Abandoned fishing gear and ghost nets Overfishing and destructive pressure on reef systems Mangrove and coastal habitat loss Pollution moving through fishing routes and island waters Climate stress affecting reefs, seagrass, and shorelines Fragmented data that makes marine management harder

Evidence and Accountability

How MRPO turns conservation claims into a public record.

Field Recovery

MRPO documents practical missions such as ghost gear recovery, habitat restoration, and partner-supported field activities.

Monitoring and Learning

Monitoring records help connect site conditions, observations, photos, coordinates, and follow-up needs over time.

Public Accountability

News, events, gallery records, and program pages create a clearer public trail of what happened and why it matters.

Topic Hubs

Focused MRPO pages for the main conservation topics.

These pages support the broader marine conservation page with more specific explanations, images, and internal links.

Public References

MRPO's work is connected to wider public conservation activity.

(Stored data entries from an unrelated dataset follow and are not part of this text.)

(* Let $n\ge1$, let $\mathrm{d}_I$ be the interleaving distance on the category of cubically encoded persistence modules over $\mathbb R^n$ with respect to the vector $v=(1,\dots,1)\in\mathbb R^n$, and let $\mathrm{d}_{\|\cdot\|_1}$ be the path metric on this category induced by the Hilbert amplitude $\|M\|_1=\int_{\mathbb R^n}\dim M(x)\,d\lambda(x)$, $\lambda$ the Lebesgue measure. Then for all cubically encoded persistence modules $M,N$ over $\mathbb R^n$, \[ \mathrm{d}_I(M,N)\le 4\big(\mathrm{d}_{\|\cdot\|_1}(M,N)\big)^{1/n}. \]
   Context: $\mathrm{Vect}$ is the category of finite-dimensional vector spaces over a fixed field. A cube in $\mathbb R^n$ is a product $I_1\times\dots\times I_n$ of (possibly unbounded, open/closed/half-open) intervals of $\mathbb R$. A persistence module $M\colon\mathbb R^n\to\mathrm{Vect}$ is cubically encoded if there exist a finite poset $\mathcal P$, an order-preserving map $e\colon\mathbb R^n\to\mathcal P$ whose fibers are finite unions of cubes, a functor $M'\colon\mathcal P\to\mathrm{Vect}$ and an isomorphism $M\cong M'\circ e$; these form a full abelian subcategory of $\mathrm{Vect}^{\mathbb R^n}$. For a vector $v$ and $\varepsilon\ge0$, $M^{+\varepsilon}$ denotes $x\mapsto M(x+\varepsilon v)$. An $\varepsilon$-interleaving between $M$ and $N$ is a pair of natural transformations $\varphi\colon M\to N^{+\varepsilon}$, $\psi\colon N\to M^{+\varepsilon}$ with $\psi_{x+\varepsilon v}\circ\varphi_x=M(x\le x+2\varepsilon v)$ and $\varphi_{x+\varepsilon v}\circ\psi_x=N(x\le x+2\varepsilon v)$ for all $x$; $\mathrm{d}_I(M,N)$ is the infimum of $\varepsilon>0$ admitting an $\varepsilon$-interleaving ($\inf\emptyset=\infty$). For an amplitude $\alpha$ on an abelian category $\mathcal{A}$ (a function $\operatorname{ob}\mathcal{A}\to[0,\infty]$ with $\alpha(0)=0$, monotone under sub- and quotient objects in short exact sequences and subadditive: $\alpha(B)\le\alpha(A)+\alpha(C)$ for $0\to A\to B\to C\to0$ exact), the cost of a zigzag $A\xleftarrow{\gamma_1}C_1\xrightarrow{\gamma_2}\cdots\xleftarrow{\gamma_{n-1}}C_n\xrightarrow{\gamma_n}B$ is $\sum_i\alpha(\ker\gamma_i)+\alpha(\operatorname{coker}\gamma_i)$, and the path metric $\mathrm{d}_\alpha(A,B)$ is the infimum of costs of zigzags from $A$ to $B$ ($\inf\emptyset=\infty$). The Hilbert amplitude $\|\cdot\|_1$ is an amplitude on cubically encoded modules. *)

theory Defs
  imports "HOL-Analysis.Analysis" "Jordan_Normal_Form.DL_Rank"
begin

text \<open>Persistence modules R^n -> Vect over a field 'k, represented in the skeleton of Vect:
  the space at x is 'k^(D x) and the structure maps are matrices F x y for x <= y
  (componentwise order on real^'n).\<close>

type_synonym ('k, 'n) pmod = "(real^'n \<Rightarrow> nat) \<times> (real^'n \<Rightarrow> real^'n \<Rightarrow> 'k mat)"
type_synonym ('k, 'n) pmor = "real^'n \<Rightarrow> 'k mat"

definition pdim :: "('k, 'n) pmod \<Rightarrow> real^'n \<Rightarrow> nat" where
  "pdim M = fst M"

definition pmap :: "('k, 'n) pmod \<Rightarrow> real^'n \<Rightarrow> real^'n \<Rightarrow> 'k mat" where
  "pmap M = snd M"

definition is_pmod :: "('k::field, 'n::finite) pmod \<Rightarrow> bool" where
  "is_pmod M \<longleftrightarrow>
     (\<forall>x y. x \<le> y \<longrightarrow> pmap M x y \<in> carrier_mat (pdim M y) (pdim M x)) \<and>
     (\<forall>x. pmap M x x = 1\<^sub>m (pdim M x)) \<and>
     (\<forall>x y z. x \<le> y \<longrightarrow> y \<le> z \<longrightarrow> pmap M y z * pmap M x y = pmap M x z)"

External references and partner mentions help users and search engines understand MRPO as a real organization working inside Cambodia's marine conservation landscape.

Xinhua, March 2026

Coral spawning monitoring in Cambodian waters

MRPO was named among partners supporting coral spawning survey and reef monitoring work with Cambodian ministries, Fauna & Flora, and Song Saa Foundation.

Reference

ThinkAqua public profile, 2026

COMET mangrove restoration and ecotourism

ThinkAqua described MRPO participation in the Community-led Mangrove Restoration and Eco-Tourism project in Preah Sihanouk, with training and community project development.

Reference

Agence Kampuchea Presse, March 2026

Cambodia marine conservation collaboration

Public reporting highlighted government, NGO, and local partner collaboration around reef monitoring, coral health, and long-term coastal ecosystem resilience.

Reference

Marine Conservation Cambodia FAQ

Common questions about MRPO's conservation focus.

What is marine conservation in Cambodia?

Marine conservation in Cambodia includes protecting coral reefs, mangroves, seagrass beds, fisheries, marine wildlife, island waters, and coastal communities through restoration, monitoring, responsible use, education, and partner coordination.

What does MRPO do for marine conservation in Cambodia?

MRPO supports field-based marine protection through ghost gear recovery, mangrove restoration, reef monitoring, community engagement, partner coordination, public documentation, and conservation systems that help work continue over time.

Where does MRPO focus its work?

MRPO focuses on Cambodia's southwest coastal waters, including connected marine areas around Koh Rong, Koh Sdach, Koh Tang, Koh Prins, nearby islands, reef systems, fishing routes, and coastal communities.

Why is ghost gear recovery important in Cambodia?

Ghost gear recovery removes abandoned nets and fishing equipment that can damage coral reefs, trap marine wildlife, affect fisheries, and create safety risks long after the gear is lost.

How can partners support MRPO?

Partners can support field missions, monitoring, restoration, technical expertise, equipment, community coordination, responsible communication, and long-term conservation programs.

Cambodia Marine Conservation

Help MRPO strengthen practical protection for Cambodia's coastal waters.